## ABOUT THIS TASK
From the entries below, return exactly the lines beginning at the one that contains "add: F_def far_nbrs_def)" and ending at the one that contains "by (intro divide_left_mono) auto", both of them included, and only those lines.
^^^^^^^^
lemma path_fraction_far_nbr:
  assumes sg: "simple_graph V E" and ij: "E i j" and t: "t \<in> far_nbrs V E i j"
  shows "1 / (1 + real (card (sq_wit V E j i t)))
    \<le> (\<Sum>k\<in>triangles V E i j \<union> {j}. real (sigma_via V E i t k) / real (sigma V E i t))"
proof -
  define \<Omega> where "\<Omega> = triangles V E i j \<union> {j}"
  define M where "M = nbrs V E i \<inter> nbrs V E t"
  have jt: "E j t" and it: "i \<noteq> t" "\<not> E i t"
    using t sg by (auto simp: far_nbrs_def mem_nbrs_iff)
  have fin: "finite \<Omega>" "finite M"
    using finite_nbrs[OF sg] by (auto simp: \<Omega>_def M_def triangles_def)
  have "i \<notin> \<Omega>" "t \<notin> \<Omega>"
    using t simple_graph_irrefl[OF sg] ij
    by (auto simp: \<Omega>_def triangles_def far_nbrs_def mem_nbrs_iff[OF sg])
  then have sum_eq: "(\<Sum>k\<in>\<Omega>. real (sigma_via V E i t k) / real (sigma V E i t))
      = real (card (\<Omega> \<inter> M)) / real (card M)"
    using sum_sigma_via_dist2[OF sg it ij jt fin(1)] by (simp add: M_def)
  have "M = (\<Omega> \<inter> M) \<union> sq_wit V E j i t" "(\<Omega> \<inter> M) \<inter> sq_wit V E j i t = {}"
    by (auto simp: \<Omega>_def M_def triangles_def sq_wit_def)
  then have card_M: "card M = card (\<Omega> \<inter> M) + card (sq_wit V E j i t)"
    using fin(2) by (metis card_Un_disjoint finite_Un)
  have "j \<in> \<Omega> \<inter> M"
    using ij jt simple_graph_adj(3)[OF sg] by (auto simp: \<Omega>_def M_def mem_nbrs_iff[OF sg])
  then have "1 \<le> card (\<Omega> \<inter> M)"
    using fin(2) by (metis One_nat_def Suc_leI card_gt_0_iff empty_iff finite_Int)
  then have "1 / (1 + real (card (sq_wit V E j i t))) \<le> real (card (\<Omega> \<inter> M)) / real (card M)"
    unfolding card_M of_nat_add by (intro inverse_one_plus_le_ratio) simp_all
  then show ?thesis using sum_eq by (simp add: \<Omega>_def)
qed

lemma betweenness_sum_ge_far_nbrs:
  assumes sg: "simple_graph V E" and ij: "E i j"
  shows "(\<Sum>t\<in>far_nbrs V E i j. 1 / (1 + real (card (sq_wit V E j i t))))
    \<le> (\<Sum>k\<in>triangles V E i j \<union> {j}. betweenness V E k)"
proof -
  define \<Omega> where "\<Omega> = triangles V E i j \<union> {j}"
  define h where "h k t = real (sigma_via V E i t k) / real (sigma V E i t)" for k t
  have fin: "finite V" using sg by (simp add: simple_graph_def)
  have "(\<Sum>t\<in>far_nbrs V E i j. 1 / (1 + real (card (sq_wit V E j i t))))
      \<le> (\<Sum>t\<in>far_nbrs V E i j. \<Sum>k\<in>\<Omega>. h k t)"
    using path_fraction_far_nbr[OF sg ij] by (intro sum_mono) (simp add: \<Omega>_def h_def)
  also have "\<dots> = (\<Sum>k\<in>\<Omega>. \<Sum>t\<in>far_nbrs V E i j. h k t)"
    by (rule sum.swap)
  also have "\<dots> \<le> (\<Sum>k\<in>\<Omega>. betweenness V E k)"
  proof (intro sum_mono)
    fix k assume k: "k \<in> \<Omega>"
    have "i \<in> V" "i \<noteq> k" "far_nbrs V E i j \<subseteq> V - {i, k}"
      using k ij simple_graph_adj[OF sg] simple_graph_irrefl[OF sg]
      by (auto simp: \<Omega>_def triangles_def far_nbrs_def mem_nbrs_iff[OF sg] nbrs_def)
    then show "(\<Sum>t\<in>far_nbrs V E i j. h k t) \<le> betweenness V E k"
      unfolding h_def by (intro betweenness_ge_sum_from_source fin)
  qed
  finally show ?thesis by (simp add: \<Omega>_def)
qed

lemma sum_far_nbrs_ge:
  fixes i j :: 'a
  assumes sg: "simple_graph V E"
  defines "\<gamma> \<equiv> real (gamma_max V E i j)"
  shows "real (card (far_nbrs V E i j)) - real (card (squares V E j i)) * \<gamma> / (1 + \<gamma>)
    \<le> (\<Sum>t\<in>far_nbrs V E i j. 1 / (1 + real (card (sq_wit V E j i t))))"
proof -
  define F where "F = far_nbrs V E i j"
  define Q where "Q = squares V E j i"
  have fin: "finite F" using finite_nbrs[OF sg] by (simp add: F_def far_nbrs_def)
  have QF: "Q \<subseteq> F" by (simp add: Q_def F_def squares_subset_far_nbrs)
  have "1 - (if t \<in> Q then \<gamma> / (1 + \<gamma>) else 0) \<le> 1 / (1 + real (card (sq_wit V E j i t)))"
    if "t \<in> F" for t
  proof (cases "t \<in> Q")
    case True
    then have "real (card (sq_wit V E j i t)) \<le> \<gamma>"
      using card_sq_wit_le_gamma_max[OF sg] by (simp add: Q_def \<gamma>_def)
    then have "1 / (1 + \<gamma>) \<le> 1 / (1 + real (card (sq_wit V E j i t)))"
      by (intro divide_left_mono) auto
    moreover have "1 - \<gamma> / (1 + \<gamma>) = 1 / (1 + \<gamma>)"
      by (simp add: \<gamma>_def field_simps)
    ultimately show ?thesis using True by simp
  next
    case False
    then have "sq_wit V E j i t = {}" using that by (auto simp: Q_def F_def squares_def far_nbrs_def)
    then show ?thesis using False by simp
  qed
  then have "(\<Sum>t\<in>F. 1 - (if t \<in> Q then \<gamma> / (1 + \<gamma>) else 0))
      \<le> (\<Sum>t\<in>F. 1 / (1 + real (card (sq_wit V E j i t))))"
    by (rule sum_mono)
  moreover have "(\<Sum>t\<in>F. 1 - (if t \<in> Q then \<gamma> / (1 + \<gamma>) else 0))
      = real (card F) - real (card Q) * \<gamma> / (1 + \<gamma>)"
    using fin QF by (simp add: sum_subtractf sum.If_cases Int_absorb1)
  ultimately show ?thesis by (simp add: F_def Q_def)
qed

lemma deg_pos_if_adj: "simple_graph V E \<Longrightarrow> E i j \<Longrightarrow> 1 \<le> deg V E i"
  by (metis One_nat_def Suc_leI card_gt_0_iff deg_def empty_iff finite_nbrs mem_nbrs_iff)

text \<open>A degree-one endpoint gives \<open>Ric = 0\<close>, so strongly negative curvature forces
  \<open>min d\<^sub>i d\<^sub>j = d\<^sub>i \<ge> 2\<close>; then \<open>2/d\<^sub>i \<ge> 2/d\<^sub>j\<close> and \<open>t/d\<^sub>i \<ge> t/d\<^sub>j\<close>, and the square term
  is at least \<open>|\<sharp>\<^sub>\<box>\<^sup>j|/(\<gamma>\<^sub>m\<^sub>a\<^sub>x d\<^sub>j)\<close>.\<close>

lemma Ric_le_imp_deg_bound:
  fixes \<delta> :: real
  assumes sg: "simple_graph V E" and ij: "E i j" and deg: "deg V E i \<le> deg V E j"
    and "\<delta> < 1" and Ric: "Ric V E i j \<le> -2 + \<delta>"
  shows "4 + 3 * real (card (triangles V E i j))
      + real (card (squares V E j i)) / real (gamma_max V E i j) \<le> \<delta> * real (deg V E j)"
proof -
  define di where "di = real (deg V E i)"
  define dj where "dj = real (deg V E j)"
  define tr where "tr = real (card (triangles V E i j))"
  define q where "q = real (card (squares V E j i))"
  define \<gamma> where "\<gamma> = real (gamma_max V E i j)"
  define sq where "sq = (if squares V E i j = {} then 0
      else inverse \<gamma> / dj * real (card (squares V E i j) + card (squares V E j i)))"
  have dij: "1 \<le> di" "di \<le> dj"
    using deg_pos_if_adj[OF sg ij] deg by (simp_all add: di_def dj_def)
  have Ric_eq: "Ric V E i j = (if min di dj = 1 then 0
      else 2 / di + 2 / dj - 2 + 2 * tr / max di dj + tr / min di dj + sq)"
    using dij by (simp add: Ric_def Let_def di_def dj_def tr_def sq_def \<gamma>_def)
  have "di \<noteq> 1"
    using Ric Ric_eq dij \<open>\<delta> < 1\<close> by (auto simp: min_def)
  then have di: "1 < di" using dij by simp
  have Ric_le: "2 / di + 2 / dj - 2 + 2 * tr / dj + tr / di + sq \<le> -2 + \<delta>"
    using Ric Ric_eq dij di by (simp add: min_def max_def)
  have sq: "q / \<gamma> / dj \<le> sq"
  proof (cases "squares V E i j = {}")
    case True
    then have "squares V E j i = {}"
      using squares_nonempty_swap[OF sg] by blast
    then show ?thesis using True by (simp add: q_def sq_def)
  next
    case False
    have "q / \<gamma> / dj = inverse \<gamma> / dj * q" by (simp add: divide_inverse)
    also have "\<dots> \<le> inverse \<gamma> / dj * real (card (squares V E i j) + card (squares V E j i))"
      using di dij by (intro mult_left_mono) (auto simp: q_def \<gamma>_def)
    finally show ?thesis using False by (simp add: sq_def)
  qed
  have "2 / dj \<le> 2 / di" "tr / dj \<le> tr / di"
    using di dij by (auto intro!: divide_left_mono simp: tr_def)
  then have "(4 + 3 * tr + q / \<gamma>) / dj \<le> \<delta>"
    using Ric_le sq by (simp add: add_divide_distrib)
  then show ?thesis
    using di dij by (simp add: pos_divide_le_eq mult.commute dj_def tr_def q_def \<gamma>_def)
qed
^^^^^^^^
## THE ANSWER
  have fin: "finite F" using finite_nbrs[OF sg] by (simp add: F_def far_nbrs_def)
  have QF: "Q \<subseteq> F" by (simp add: Q_def F_def squares_subset_far_nbrs)
  have "1 - (if t \<in> Q then \<gamma> / (1 + \<gamma>) else 0) \<le> 1 / (1 + real (card (sq_wit V E j i t)))"
    if "t \<in> F" for t
  proof (cases "t \<in> Q")
    case True
    then have "real (card (sq_wit V E j i t)) \<le> \<gamma>"
      using card_sq_wit_le_gamma_max[OF sg] by (simp add: Q_def \<gamma>_def)
    then have "1 / (1 + \<gamma>) \<le> 1 / (1 + real (card (sq_wit V E j i t)))"
      by (intro divide_left_mono) auto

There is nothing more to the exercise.